Introducing an impurity, such as a piece of ice, in subcooled water triggers immediate ice propagation by heterogeneous nucleation.

 

[athomas236]

Thanks 25362

athomas236

 

[kenvlach]

Perry's 7th edition has data down to -160 F (Table 2-350) and in SI units down to 150 K (Table 2-352). Also some data along the melting line, down to -8.803 C @ 1000 bar (Table 2-357).

More water info than you may care to wade through:

http://www.iapws.org/

NIST has lots of data:

http://srdata.nist.gov/gateway/gateway?substance=water&subft=Submit&rddesc=desc

An interesting paper:
'International Equations for the Pressure along the Melting and along the Sublimation Curve of Ordinary Water Substance'

http://www.nist.gov/srd/PDFfiles/jpcrd477.pdf

 

[athomas236]

kenlach,

Thanks for all the useful information. I really will have to get my eyes tested.

Regards,

athomas236

 

[25362]

The vapor pressure of supercooled water is higher than that for ice at equal temperatures.
Goggle has plenty of information on this subject. For example:

http://cires.colorado.edu/~voemel/vp.html

​

 

[athomas236]

No wI have the water and ice properties, this is my attempt at calculating what happens when water at 95C and 1bara is sprayed into air at minus 40C.

This is basic data:
Enthalpy of water at 95C & 1bara = 398.03
Entahlpy of ice at minus 40C = minus 411.97
Enthalpy of vapour at minus 40C = 2426.99

All enthalpies are kJ/kg, those for ice and vapour are from Perry version 7, table 2-352 and that for water at 95C is from steam tables.

By heat balance with X as from of ice

398.03 = -411.97*X + (1-X)*2426.99

Which simplifies to

(398.03+411.97+2426.99)*X = 2426.99

Which gives X = 0.727
ie 72.7% of water at 95C ends up as ice at minus 40C, the remainder is vapour.

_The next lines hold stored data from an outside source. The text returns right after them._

lemma mf_rhs_diff_le_boundary_barrier:
  fixes v w :: "int \<Rightarrow> real"
  assumes "0 \<le> a" "0 \<le> b" "1 \<le> M" "0 \<le> C" "0 \<le> t" "\<bar>x\<bar> \<le> K"
    and v: "\<And>y. 0 \<le> v y \<and> v y \<le> 1" and w: "\<And>y. 0 \<le> w y \<and> w y \<le> 1"
    and close: "\<And>y. \<bar>y\<bar> \<le> K \<Longrightarrow> \<bar>v y - w y\<bar> \<le> boundary_barrier C K y t"
  shows "\<bar>mf_rhs a b M v x - mf_rhs a b M w x\<bar>
    \<le> (3 * a + b + 1 + 2 * b * exp (real M)) * boundary_barrier C K x t"
proof -
  let ?h = "boundary_barrier C K x t"
  have nbr_diff: "\<bar>v y - w y\<bar> \<le> exp (real M) * ?h" if "y \<in> nbr M x" for y
  proof (cases "\<bar>y\<bar> \<le> K")
    case True
    then show ?thesis
      using close boundary_barrier_nbr_le[OF that] by (blast intro: order_trans)
  next
    case False
    have "\<bar>v y - w y\<bar> \<le> 1"
      using v[of y] w[of y] by linarith
    also have "\<dots> \<le> exp (real M) * ?h"
      using False assms by (intro one_le_boundary_barrier_nbr_outside[OF that]) auto
    finally show ?thesis .
  qed
  have "(\<Sum>y\<in>nbr M x. \<bar>v y - w y\<bar>) \<le> (\<Sum>y\<in>nbr M x. exp (real M) * ?h)"
    using nbr_diff by (rule sum_mono)
  also have "\<dots> = 2 * real M * exp (real M) * ?h"
    by (simp add: card_nbr)
  finally have sum_diff: "(\<Sum>y\<in>nbr M x. \<bar>v y - w y\<bar>) \<le> 2 * real M * exp (real M) * ?h" .
  have "\<bar>mf_rhs a b M v x - mf_rhs a b M w x\<bar>
      \<le> (3 * a + b + 1) * \<bar>v x - w x\<bar> + b / real M * (\<Sum>y\<in>nbr M x. \<bar>v y - w y\<bar>)"
    using assms by (intro mf_rhs_lipschitz) auto
  also have "\<dots> \<le> (3 * a + b + 1) * ?h + b / real M * (2 * real M * exp (real M) * ?h)"
    using assms close sum_diff by (intro add_mono mult_left_mono) auto
  also have "\<dots> = (3 * a + b + 1 + 2 * b * exp (real M)) * ?h"
    using \<open>1 \<le> M\<close> by (simp add: algebra_simps)
  finally show ?thesis .
qed
(* For 0 <= y <= K = 3 / (4 delta) the right side is at least delta y / 2; beyond K, where it is
   only at least 3 / 5, the subtracted term exp (y - K - 1) takes over. Under a subgaussian law
   that term has tiny mean (exp_tail_le_half). *)
lemma min_one_exp_gain_ge:
  fixes \<delta> y :: real
  assumes "0 < \<delta>"
  shows "\<delta> / 2 * (max 0 y - exp (y - 3 / (4 * \<delta>) - 1)) \<le> 1 - min 1 (exp (- 2 * \<delta> * y))"
proof -
  define K where "K = 3 / (4 * \<delta>)"
  have dK: "2 * \<delta> * K = 3 / 2"
    using assms by (simp add: K_def)
  consider "y \<le> 0" | "0 < y" "y \<le> K" | "K < y"
    by linarith
  then show ?thesis
  proof cases
    case 1
    then show ?thesis
      using assms by (simp add: mult_nonpos_nonneg mult_nonneg_nonpos)
  next
    case 2
    have "2 * \<delta> * y \<le> 2 * \<delta> * K"
      using 2 assms by (intro mult_left_mono) auto
    then have x: "0 \<le> 2 * \<delta> * y" "2 * \<delta> * y \<le> 3 / 2"
      using 2 assms dK by auto
    have "\<delta> * y / 2 \<le> 2 * \<delta> * y / (5 / 2)"
      using x by simp
    also have "\<dots> \<le> 2 * \<delta> * y / (1 + 2 * \<delta> * y)"
      using x by (intro divide_left_mono) auto
    also have "\<dots> \<le> 1 - exp (- (2 * \<delta> * y))"
      using x by (intro one_minus_exp_neg_ge)
    also have "\<dots> \<le> 1 - min 1 (exp (- 2 * \<delta> * y))"
      by simp
    finally have "\<delta> * y / 2 \<le> 1 - min 1 (exp (- 2 * \<delta> * y))" .
    moreover have "\<delta> / 2 * (max 0 y - exp (y - 3 / (4 * \<delta>) - 1)) \<le> \<delta> * y / 2"
      using 2 assms by (simp add: right_diff_distrib)
    ultimately show ?thesis
      by linarith
  next
    case 3
    have "3 / 5 \<le> 1 - exp (- (3 / 2) :: real)"
      using one_minus_exp_neg_ge[of "3 / 2"] by simp
    also have "\<dots> \<le> 1 - exp (- (2 * \<delta> * y))"
    proof -
      have "3 / 2 < 2 * \<delta> * y"
        using mult_strict_left_mono[OF 3, of "2 * \<delta>"] assms dK by simp
      then show ?thesis
        by simp
    qed
    also have "\<dots> \<le> 1 - min 1 (exp (- 2 * \<delta> * y))"
      by simp
    finally have gain: "3 / 5 \<le> 1 - min 1 (exp (- 2 * \<delta> * y))" .
    have "y - exp (y - K - 1) \<le> K"
      using exp_ge_add_one_self[of "y - K - 1"] by simp
    moreover have "max 0 y = y"
      using 3 assms by (simp add: K_def order.strict_trans1[of 0 K y])
    ultimately have "\<delta> / 2 * (max 0 y - exp (y - K - 1)) \<le> \<delta> / 2 * K"
      using assms by (intro mult_left_mono) auto
    also have "\<dots> = 3 / 8"
      using dK by (simp add: mult.commute)
    finally show ?thesis
      using gain by (simp add: K_def)
  qed
qed

lemma exp_tail_le_half:
  fixes \<delta> :: real
  assumes "0 < \<delta>" "\<delta> \<le> 0.05"
  shows "exp (\<delta> - 3 / (4 * \<delta>) - 1 / 2) \<le> \<delta> / 2"
proof -
  define x where "x = 3 / (4 * \<delta>)"
  have x_pos: "0 < x"
    using assms by (simp add: x_def)
  have "exp (\<delta> - 3 / (4 * \<delta>) - 1 / 2) = exp (\<delta> - 1 / 2) / exp x"
    by (simp add: x_def exp_diff)
  also have "\<dots> \<le> 1 / exp x"
    using assms by (intro divide_right_mono) auto
  also have "\<dots> \<le> 1 / (x\<^sup>2 / 2)"
    using exp_lower_Taylor_quadratic[of x] x_pos
    by (intro divide_left_mono) (auto simp: add_pos_nonneg)
  also have "\<dots> = 32 * \<delta>\<^sup>2 / 9"
    using assms by (simp add: x_def field_simps power2_eq_square)
  also have "\<dots> \<le> \<delta> / 2"
    using assms by (simp add: power2_eq_square field_simps)
  finally show ?thesis .
qed

lemma (in prob_space) nn_integral_PiM_supermartingale:
  fixes f :: "nat \<Rightarrow> (nat \<Rightarrow> 'a) \<Rightarrow> ennreal"
  assumes meas: "\<And>n. f n \<in> borel_measurable (PiM {..<n} (\<lambda>_. M))"
    and supermartingale: "\<And>n w. k \<le> n \<Longrightarrow> (\<integral>\<^sup>+y. f (Suc n) (w(n := y)) \<partial>M) \<le> f n w"
    and "k \<le> N"
  shows "(\<integral>\<^sup>+w. f N w \<partial>PiM {..<N} (\<lambda>_. M)) \<le> (\<integral>\<^sup>+w. f k w \<partial>PiM {..<k} (\<lambda>_. M))"
  using \<open>k \<le> N\<close>
proof (induction N rule: dec_induct)
  case (step n)
  interpret product_prob_space "\<lambda>_::nat. M" UNIV ..
  have "(\<integral>\<^sup>+w. f (Suc n) w \<partial>PiM {..<Suc n} (\<lambda>_. M))
      = (\<integral>\<^sup>+w. (\<integral>\<^sup>+y. f (Suc n) (w(n := y)) \<partial>M) \<partial>PiM {..<n} (\<lambda>_. M))"
    using meas[of "Suc n"] by (simp add: lessThan_Suc product_nn_integral_insert)
  also have "\<dots> \<le> (\<integral>\<^sup>+w. f n w \<partial>PiM {..<n} (\<lambda>_. M))"
    using step.hyps by (intro nn_integral_mono supermartingale)
  finally show ?case
    using step.IH by order
qed simp

lemma (in product_prob_space) measure_PiM_Collect_finite_support:
  assumes "finite J" "J \<subseteq> I"
    and sets: "{w \<in> space (PiM J M). P w} \<in> sets (PiM J M)"
    and support: "\<And>w. P (restrict w J) = P w"
  shows "measure (PiM I M) {w \<in> space (PiM I M). P w} = measure (PiM J M) {w \<in> space (PiM J M). P w}"
proof -
  have "restrict w J \<in> space (PiM J M)" if "w \<in> space (PiM I M)" for w
    using that \<open>J \<subseteq> I\<close> by (auto simp: space_PiM)
  then have "{w \<in> space (PiM I M). P w} = prod_emb I M J {w \<in> space (PiM J M). P w}"
    unfolding prod_emb_def using support by (auto simp: space_PiM)
  then show ?thesis
    using emeasure_PiM_emb'[OF assms(2,1) sets] by (simp add: measure_def)
qed

lemma (in prob_space) measure_Collect_indep_vars:
  fixes X :: "'i \<Rightarrow> 'a \<Rightarrow> 'b"
  assumes indep: "indep_vars (\<lambda>_. N) X UNIV"
    and distr: "\<And>i. distr M N (X i) = D"
    and sets: "{w \<in> space (PiM UNIV (\<lambda>_. D)). P w} \<in> sets (PiM UNIV (\<lambda>_. D))"
  shows "measure M {x \<in> space M. P (\<lambda>i. X i x)} = measure (PiM UNIV (\<lambda>_. D)) {w \<in> space (PiM UNIV (\<lambda>_. D)). P w}"
proof -
  let ?S = "{w \<in> space (PiM UNIV (\<lambda>_. D)). P w}"
  have rv: "random_variable N (X i)" for i
    using indep by (simp add: indep_vars_def)
  have rv_seq: "random_variable (PiM UNIV (\<lambda>_. N)) (\<lambda>x i. X i x)"
    using measurable_restrict[of UNIV X M "\<lambda>_. N"] rv by (simp add: restrict_UNIV)
  have law: "distr M (PiM UNIV (\<lambda>_. N)) (\<lambda>x i. X i x) = PiM UNIV (\<lambda>_. D)"
    using indep_vars_iff_distr_eq_PiM[where I=UNIV and M'="\<lambda>_. N" and X=X] rv indep by (simp add: distr restrict_UNIV)
  have sets_D: "sets D = sets N" and space_D: "space D = space N"
    using distr[of undefined] by auto
  have "?S \<in> sets (PiM UNIV (\<lambda>_. N))"
    using sets by (simp add: sets_PiM_cong[OF refl sets_D])
  then have "measure (PiM UNIV (\<lambda>_. D)) ?S = measure M ((\<lambda>x i. X i x) -` ?S \<inter> space M)"
    unfolding law[symmetric] by (intro measure_distr rv_seq)
  also have "(\<lambda>x i. X i x) -` ?S \<inter> space M = {x \<in> space M. P (\<lambda>i. X i x)}"
    using measurable_space[OF rv] by (auto simp: space_PiM space_D)
  finally show ?thesis ..
qed

lemma (in finite_measure) measure_Collect_ex_LIMSEQ:
  assumes "\<And>n. {x \<in> space M. P n x} \<in> sets M" "\<And>n x. P n x \<Longrightarrow> P (Suc n) x"
  shows "(\<lambda>n. measure M {x \<in> space M. P n x}) \<longlonglongrightarrow> measure M {x \<in> space M. \<exists>n. P n x}"
proof -
  have "(\<Union>n. {x \<in> space M. P n x}) = {x \<in> space M. \<exists>n. P n x}"
    by auto
  then show ?thesis
    using finite_Lim_measure_incseq[of "\<lambda>n. {x \<in> space M. P n x}"] assms
    by (auto simp: incseq_Suc_iff)
qed

definition hits_below :: "real \<Rightarrow> nat \<Rightarrow> (nat \<Rightarrow> real) \<Rightarrow> bool" where
  "hits_below \<theta> n w \<longleftrightarrow> (\<exists>m. 1 \<le> m \<and> m \<le> n \<and> walk w \<theta> m < 0)"

definition exits_up_by :: "real \<Rightarrow> nat \<Rightarrow> (nat \<Rightarrow> real) \<Rightarrow> bool" where
  "exits_up_by \<theta> n w \<longleftrightarrow>
     (\<exists>k. 1 \<le> k \<and> k \<le> n \<and> 1 \<le> walk w \<theta> k \<and>
        (\<forall>m. 1 \<le> m \<and> m < k \<longrightarrow> 0 \<le> walk w \<theta> m \<and> walk w \<theta> m < 1))"

lemma exits_up_iff_exits_up_by: "exits_up \<theta> w \<longleftrightarrow> (\<exists>n. exits_up_by \<theta> n w)"
  unfolding exits_up_def exits_up_by_def by auto

lemma hits_below_0 [simp]: "\<not> hits_below \<theta> 0 w"
  and exits_up_by_0 [simp]: "\<not> exits_up_by \<theta> 0 w"
  by (auto simp: hits_below_def exits_up_by_def)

Does any one have any comments on this calculation? My problem is that other posts on this site suggest that there will be little ice.

Regards,

athomas236

 

[25362]

Some thoughts:

- Heat transfer takes time. Thus, if the spraying is done from a flying airplane it may reach the point of ice formation and ice cooling, beside some water supercooling.

- Upward air buoyancy may affect the rate of ice crystallites falling down.

- The heat balance should be: heat gained by air = heat lost by water. Similar to a cooling tower.

- Air at -40 Celsius wouldn't be able, by simple heat exchange, to cool the water to the same temperature (approach [→] 0 degrees ?).

- Air picks up heat and humidity and rises by buoyancy at a certain higher temperature.

- The heat balance should be: heat gained by air = heat lost by water. Similar to what happens in a cooling tower.

- If ice nucleation starts at zero Celsius, at some point heat transfer would take place between ice and air.

- As published elsewhere high tropospheric cirrus clouds contain both ice and supercooled water at -40 Celsius.

Kindly comment.

 

[athomas236]

25362,

Thanks for your response. I now realise that my approach is simplistic since it only considers what happens when water at 95C is adiabatically reduced to minus 40C.

The cooling tower analogy is useful and gives a more meaningful heat balance so that heat lost by water = heat gained by air = heat transfered from water to air. However, it poses problems with obtaining a solution.

One problem is to estimate the amount of air that will be involved in the process.

For natural draft cooling towers this is relatively simple because the the difference in static head between a water air mixture at its molecular weight and temperature inside the tower and that of the air at its molecular weight and temperature outside the tower can be balanced against the friction loss caused by the flow of air through the tower.

I do not know how to make a similar calculation in free air because there is no obvious friction loss that is equivalent to that in the tower.

The other problem is to determine the heat transfer coefficient between air and water. Again for cooling towers the supplier would fix a base value based on his empirical data and this base value would be scaled for other operating conditions.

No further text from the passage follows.